The day also included an excursion to Belfast's oldest existing brewery Hercules (est. 2014), in the harbour area, out beyond George Best Airport. Though it seemed to come from nowhere with its decent-but-unexciting Yardsman Lager, Hercules was a long time in the making, growing out of established speciality beer importer Phoenix Drinks. The distinctive riveted keg fonts really stand out and they cropped up pretty quickly around the bars of Belfast, all of which is me back-pedalling frantically from my previous belief that it was all fakery. But no, all Hercules beer comes from this cramped little unit, currently on its second brewkit, a Dave Porter job acquired from Brú in Meath. As is the way of these things, a further upgrade is becoming increasingly urgent.

Yardsman Belfast Pale Ale I'd tasted before at last year's CAMRA NI festival, where it was not in good shape, and brewery owner Niall had his own explanation of how that happened. It was much better on keg, however: dry, clean and with a green celery note. I'm a fan of this sort of slightly astringent, mineral-chalky pale ale and would like to see more of them around.

Entirely new to me was Yardsman Double Stout, a 4.3%-er designed to slot in neatly among the mainstream brands, er, brand.
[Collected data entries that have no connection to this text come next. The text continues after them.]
(* For every $n\geq 2$, the pair $(H_n,v)$ is neutral for the glue operator, where $H_n$ is the hanging split graph of size $n$ and $v$ is its distinguished clique vertex.
   Context: For $n\geq 2$, the hanging split graph $H_n$ consists of a clique on vertices $\{v,v_1,\ldots,v_{n-1}\}$, an independent set $\{u_1,\ldots,u_{n-1}\}$, and edges $u_iv_i$ for $1\le i\le n-1$ (so $H_2$ is the path on three vertices with $v$ an endpoint). The Maker-Breaker domination game on a graph: Dominator and Staller alternately choose a not-yet-chosen vertex (no passing), starting with all vertices unchosen; when all vertices are chosen, Dominator wins if his vertices form a dominating set of the graph, otherwise Staller wins. The outcome $o(\cdot)$ is $\mathcal D$ if Dominator has a winning strategy both as first and as second player, $\mathcal S$ if Staller has a winning strategy both as first and as second player, and $\mathcal N$ if the first player has a winning strategy. For disjoint graphs $G,H$ and vertices $u\in V(G)$, $v\in V(H)$, the glued graph $G\odot_{u,v}H$ is obtained from the disjoint union by identifying $u$ and $v$ into one new vertex $w$, adjacent to all former neighbors of $u$ in $G$ and of $v$ in $H$. The pair $(H,v)$ is neutral for the glue operator if for every graph $G$ and every vertex $u$ of $G$, $o(G\odot_{u,v}H)=o(G)$. *)

theory Defs
  imports Main
begin

type_synonym 'a graph = "'a set \<times> ('a \<Rightarrow> 'a \<Rightarrow> bool)"

definition verts :: "'a graph \<Rightarrow> 'a set" where "verts G = fst G"
definition adj :: "'a graph \<Rightarrow> 'a \<Rightarrow> 'a \<Rightarrow> bool" where "adj G = snd G"

definition wf_graph :: "'a graph \<Rightarrow> bool" where
  "wf_graph G \<longleftrightarrow> finite (verts G)
     \<and> (\<forall>x y. adj G x y \<longrightarrow> x \<in> verts G \<and> y \<in> verts G)
     \<and> (\<forall>x y. adj G x y \<longrightarrow> adj G y x)
     \<and> (\<forall>x. \<not> adj G x x)"

definition dominating :: "'a graph \<Rightarrow> 'a set \<Rightarrow> bool" where
  "dominating G D \<longleftrightarrow> D \<subseteq> verts G \<and> (\<forall>x\<in>verts G. x \<in> D \<or> (\<exists>y\<in>D. adj G x y))"

text \<open>dom_wins G D S t: in the position where Dominator has chosen D, Staller has chosen S,
  and it is Dominator's turn iff t, Dominator has a winning strategy.\<close>
inductive dom_wins :: "'a graph \<Rightarrow> 'a set \<Rightarrow> 'a set \<Rightarrow> bool \<Rightarrow> bool" for G where
  over: "verts G - (D \<union> S) = {} \<Longrightarrow> dominating G D \<Longrightarrow> dom_wins G D S t"
| dmove: "x \<in> verts G - (D \<union> S) \<Longrightarrow> dom_wins G (insert x D) S False \<Longrightarrow> dom_wins G D S True"
| smove: "verts G - (D \<union> S) \<noteq> {} \<Longrightarrow>
          (\<forall>x\<in>verts G - (D \<union> S). dom_wins G D (insert x S) True) \<Longrightarrow> dom_wins G D S False"

datatype outcome = OutD | OutS | OutN | OutP  (* OutP: second player wins; never occurs *)

definition outcome :: "'a graph \<Rightarrow> outcome" where
  "outcome G = (let d1 = dom_wins G {} {} True; d2 = dom_wins G {} {} False in
     if d1 \<and> d2 then OutD
     else if \<not> d1 \<and> \<not> d2 then OutS
     else if d1 \<and> \<not> d2 then OutN
     else OutP)"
I'm sure it gets labelled as a "Dry Irish Stout" in places where such labels are applied, but it's not especially dry, or bitter. Instead there's a very accessible mild chocolate character for something creamy and smooth but with just enough character to avoid being bland. Think Porterhouse Plain or Whitewater Belfast Black and you're in the same general ballpark. If you're wondering about the name, the brewery makes claims that the recipe is influenced by 19th century Belfast stouts (there was an original Hercules Brewery on Royal Avenue around 1850) but trying to flog a 4.3% ABV beer as "double stout" in Victorian Belfast would likely have got you thrown in the Lagan.
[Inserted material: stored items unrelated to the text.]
(* Let $\alpha>1$, $\varepsilon>0$, $\delta\in(0,1)$, and let $\pi^*$ be the optimal partition selection primitive ($\pi^*(0)=0$, $\pi^*(n)=L(\pi^*(n-1))$ with $L(q)=\max\{p\in[q,1]: D^\delta_\alpha(\mathrm{Ber}(p)\|\mathrm{Ber}(q))\le\varepsilon\text{ and } D^\delta_\alpha(\mathrm{Ber}(q)\|\mathrm{Ber}(p))\le\varepsilon\}$). Then $\pi^*$ is non-decreasing, $n_d := \min\{n\in\mathbb{N}:\pi^*(n)=1\}$ is finite with $n_d\le\lceil1/\delta\rceil$, the function $\Pi(x) = \pi^*(n_d-x)-\pi^*(n_d-1-x)$ for $x\in\{0,\dots,n_d-1\}$ is a probability distribution, and with $\tau = n_d-1$ we have, for all $n\in\mathbb{Z}_{\ge0}$, $$\Pr_{Z\sim\Pi}(n+Z>\tau) = \pi^*(n).$$
   Context: $\mathrm{Ber}(p)$: Bernoulli distribution. For $\alpha>1$, $D_\alpha(P\|Q)=\frac{1}{\alpha-1}\log\sum_x P(x)^\alpha Q(x)^{1-\alpha}$ and $D^\delta_\alpha(P\|Q)=\inf\{D_\alpha(P'\|Q'): P=(1-\delta)P'+\delta P'',\ Q=(1-\delta)Q'+\delta Q''\}$ over probability distributions. *)

theory Defs
  imports Complex_Main "HOL-Library.Extended_Real"
begin

text \<open>Probability distributions on the two-point space (the support of Bernoulli
  distributions). All distributions in the decomposition defining the approximate
  Renyi divergence are necessarily supported on this space.\<close>

definition is_pdist :: "(bool \<Rightarrow> real) \<Rightarrow> bool" where
  "is_pdist P \<longleftrightarrow> (\<forall>x. 0 \<le> P x) \<and> (\<Sum>x\<in>UNIV. P x) = 1"

definition Ber :: "real \<Rightarrow> bool \<Rightarrow> real" where
  "Ber p = (\<lambda>x. if x then p else 1 - p)"

definition renyi :: "real \<Rightarrow> (bool \<Rightarrow> real) \<Rightarrow> (bool \<Rightarrow> real) \<Rightarrow> ereal" where
  "renyi \<alpha> P Q =
     (if (\<exists>x. P x > 0 \<and> Q x = 0) then \<infinity>
      else ereal (1 / (\<alpha> - 1) *
             ln (\<Sum>x\<in>{x. P x > 0}. P x powr \<alpha> * Q x powr (1 - \<alpha>))))"

definition renyi_approx :: "real \<Rightarrow> real \<Rightarrow> (bool \<Rightarrow> real) \<Rightarrow> (bool \<Rightarrow> real) \<Rightarrow> ereal" where
  "renyi_approx \<alpha> \<delta> P Q =
     Inf {renyi \<alpha> P' Q' | P' Q' P'' Q''.
            is_pdist P' \<and> is_pdist Q' \<and> is_pdist P'' \<and> is_pdist Q'' \<and>
            (\<forall>x. P x = (1 - \<delta>) * P' x + \<delta> * P'' x) \<and>
            (\<forall>x. Q x = (1 - \<delta>) * Q' x + \<delta> * Q'' x)}"

definition Lstep :: "real \<Rightarrow> real \<Rightarrow> real \<Rightarrow> real \<Rightarrow> real" where
  "Lstep \<alpha> \<epsilon> \<delta> q =
     (GREATEST p. p \<in> {q..1} \<and>
        renyi_approx \<alpha> \<delta> (Ber p) (Ber q) \<le> ereal \<epsilon> \<and>
        renyi_approx \<alpha> \<delta> (Ber q) (Ber p) \<le> ereal \<epsilon>)"

fun pi_star :: "real \<Rightarrow> real \<Rightarrow> real \<Rightarrow> nat \<Rightarrow> real" where
  "pi_star \<alpha> \<epsilon> \<delta> 0 = 0"
| "pi_star \<alpha> \<epsilon> \<delta> (Suc n) = Lstep \<alpha> \<epsilon> \<delta> (pi_star \<alpha> \<epsilon> \<delta> n)"

end

theory Submission
  imports Defs
begin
I was sent home with a bottle of the last of the current Hercules line-up, Yardsman IPA. At 4.3% ABV next to Belfast Pale Ale's 5.6% it's guaranteed to piss off the prescriptivists, but they made that rod for their own backs. It presents a rather murky orange colour and smells of jaffa zest and oaty biscuits. The flavour is very sweet with lots of fun orange juice, a prickle of sherbet and maybe a hint of marmalade zing. Unsurprisingly, the body is thin, and the carbonation is low because I got a short-fill bottle that wouldn't have been sold anyway. I liked it. The ABV and low bitterness may disappoint a few IPA purists, but it fits happily into my head space among the orangey English IPAs like Fuller's and White Shield.

Back in town, I wound things up at The Woodworkers. There aren't many places in Belfast you'll find a Catalan brown ale on draught: reason enough to order Darro by Balate. It has all the classic chocolatey caramel you'd expect from the style, a certain dry roasted bite for balance, and then a slight sour sharpness on the finish which I'm not sure is supposed to be there but doesn't interfere. Decent stuff, though probably more of a taste sensation down by the Med than up in the Wee Six.

Beer of the moment, however, was Skiffie Worlds, a 5% ABV  all-Equinox IPA brewed by Manchester's Marble for an international boating event that happened on Strangford Lough back in July. My half arrived looking sad and headless but there wasn't anything wrong with the flavour. It's an absolutely banging hop beast, full of spiky oily resins and all the hardman hop flavours like pine, lime and having your tongue burnt off with acid. It should have been far too bitter and unbalanced for me, but it just worked, screaming quality and freshness loud enough to drown out any concerns about nuance or complexity.

Then nothing for it but a carry-out from the offy next door and train-beering it back to Dublin once more. A lot of work went into organising the day out, so big thanks to Reuben, Stephen, Steve and the teams at BrewBot and Hercules. And of course to Dr John, Beoir's new Master of Coin. I'm really enjoying retirement so far.